Step 102, in response to receiving a reset instruction, performing a reset operation on a to-be-reset device indicated by the reset instruction, wherein the to-be-reset device includes at least one of the target devices, the target computing units, and the switch.

In some embodiments of the present disclosure, in response to receiving the reset instruction, the distributed resource management system performs a reset operation on the to-be-reset device indicated by the reset instruction. The reset instruction may carry an indication of the to-be-reset device, and the to-be-reset device is reset based on the reset instruction. The reset instruction may be issued by a processor, and the to-be-reset device may include at least one of the target devices, the target computing units, and the switch. In other words, the distributed resource management system may reset a single target device, target computing unit, and switch, or reset a plurality of target devices, target computing units, and/or switches. It is understood that the to-be-reset device may include the target devices, the target computing units, and the switch, i.e., the distributed resource management system supports a system-wide reset function.

In practical application scenarios, the reset instruction may be triggered in response to system errors, unrecognized devices, or similar events, and the system and/or hardware (devices) may be rebooted based on the reset instruction.

Step 103, performing resource scheduling on target resources in a plurality of resource pools based on a resource scheduling request, wherein the resource scheduling includes resource reset and resource allocation.

In some embodiments of the present disclosure, based on the resource scheduling request, resource scheduling may be performed on the target resources indicated in the resource scheduling request according to content specified therein. The resource scheduling request may include a resource reallocation request, a resource release request, or a resource acquisition request. Exemplarily, the resource reallocation request may be configured for instructing the release of a target resource corresponding to a first task and allocation of the target resource to a second task. The resource release request may be configured for instructing the release of the target resource corresponding to the first task, and the resource acquisition request may be configured for instructing the allocation of the target resource to the second task. The target resource may be any one or more resources from the plurality of resource pools, such as an memory resource, an accelerator resource, a processor resource, and the like. Resource scheduling may include resource reset (i.e., resource releasing) and resource matching. The resource reset may be implemented by performing a reset operation on the target device or the target computing unit corresponding to the resource. For example, when the target resource is an memory resource, the memory resource may be reset by performing a reset operation on an memory device. Resource matching refers to matching resources to corresponding tasks as needed.

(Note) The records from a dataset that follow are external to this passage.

(* Let $F:\mathbb{R}^n\to\mathbb{R}^n$ be of class $\mathscr{C}^1$, $G(x)=(x,F(x))$, and let $d\mu(x)=g(x)\,dx$ with $g$ smooth and positive; let $\pi=\mu\circ G^{-1}$ (so $\iint\Theta\,d\pi=\int\Theta(x,F(x))g(x)\,dx$) and $\langle T_\mu,\varphi\rangle=\int\varphi g\,dx$. For $i,j\in\{1,\dots,n\}$ let $S^1_i=\frac{\partial\pi}{\partial x_i}$ and $S^2_j=\frac{\partial\pi}{\partial y_j}$ be the distributional partial derivatives of $\pi$ in $\mathbb{R}^{2n}$ (variables $(x,y)$). Then for $\Phi\in\mathscr{C}^\infty_c(\mathbb{R}^{2n})$ the Kirchhoff divergences with respect to $T_\mu$ and $S^1_i$, resp. $S^2_j$, are $$Kir_{i,1}\Phi=\frac1g\frac{\partial}{\partial x_i}[g\cdot(\Phi\circ G)]-\frac{\partial\Phi}{\partial x_i}\circ G,\qquad Kir_{j,2}\Phi=-\frac{\partial\Phi}{\partial y_j}\circ G,$$ and for $f$ smooth, with $\Phi(x,y)=f(y)-f(x)$, $$\Delta_{i,1}f=\frac{\partial F}{\partial x_i}\cdot(\nabla f\circ F)+[(f\circ F)-f]\frac{\partial}{\partial x_i}(\log g),\qquad \Delta_{j,2}f=-\frac{\partial f}{\partial x_j}\circ F.$$
   Context: $\frac{\partial\Phi}{\partial x_i}\circ G$ means the partial derivative of $\Phi$ in its $i$-th first-group variable evaluated at $(x,F(x))$; similarly for $y_j$. Distributional derivatives: $\langle\!\langle\partial\pi/\partial x_i,\Theta\rangle\!\rangle=-\iint\partial\Theta/\partial x_i\,d\pi$. A function $\psi$ is the Kirchhoff divergence of $\Phi$ with respect to $T$ and $S$ if $\langle T,\varphi\psi\rangle=\langle\!\langle S,\varphi\Phi\rangle\!\rangle$ for all $\varphi\in\mathscr{C}_c^\infty(\mathbb{R}^n)$, where $(\varphi\Phi)(x,y)=\varphi(x)\Phi(x,y)$; the Laplacian is the Kirchhoff divergence of $f(y)-f(x)$. *)

theory Defs
  imports "HOL-Analysis.Analysis"
begin

fun Ck :: "nat \<Rightarrow> ('a::euclidean_space \<Rightarrow> 'b::real_normed_vector) \<Rightarrow> bool" where
  "Ck 0 f = continuous_on UNIV f"
| "Ck (Suc k) f = ((\<forall>x. f differentiable (at x)) \<and>
      (\<forall>v\<in>Basis. Ck k (\<lambda>x. frechet_derivative f (at x) v)))"

definition smooth :: "('a::euclidean_space \<Rightarrow> 'b::real_normed_vector) \<Rightarrow> bool" where
  "smooth f \<longleftrightarrow> (\<forall>k. Ck k f)"

definition test_fun :: "('a::euclidean_space \<Rightarrow> real) \<Rightarrow> bool" where
  "test_fun f \<longleftrightarrow> smooth f \<and> compact (closure {x. f x \<noteq> 0})"

definition pd :: "'n::finite \<Rightarrow> (real^'n \<Rightarrow> 'b::real_normed_vector) \<Rightarrow> real^'n \<Rightarrow> 'b" where
  "pd i h x = frechet_derivative h (at x) (axis i 1)"

definition pd_x :: "'n::finite \<Rightarrow> (real^'n \<Rightarrow> real^'n \<Rightarrow> real) \<Rightarrow> real^'n \<Rightarrow> real^'n \<Rightarrow> real" where
  "pd_x i \<Theta> x y = frechet_derivative (\<lambda>x'. \<Theta> x' y) (at x) (axis i 1)"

In conclusion, in some embodiments of the present disclosure, the switch in the distributed resource management system connects the first resources corresponding to the target devices and the second resources corresponding to the target computing units via compute express link (CXL), thereby forming the resource pools and achieving hardware decoupling of the first resources and second resources within the server. Through the switch, efficient coordination of the first resources and the second resources within the distributed resource management system may be achieved, and operational efficiency of the distributed resource management system is improved. Meanwhile, in response to the power-on instruction being received, centralized power-on control of the units within the distributed resource management system may be performed, thereby enhancing operational consistency of the distributed resource management system; in response to the reset instruction being received, the reset operation may be performed on the to-be-reset device indicated by the reset instruction; and resource scheduling (including resource reset and resource allocation) may be performed on the target resources in the plurality of resource pools based on the resource scheduling request. In this way, the distributed resource management system in some embodiments of the present disclosure may implement system-wide or device-specific reset, supports both resource reset and resource reallocation during the resource scheduling process, provides a more efficient and flexible resource management architecture, achieves lifecycle management of pooled resources, and improves the practicability and flexibility of resource management to a certain extent. Moreover, a holistic resource management scheme of the distributed resource management system further enhances overall operational efficiency.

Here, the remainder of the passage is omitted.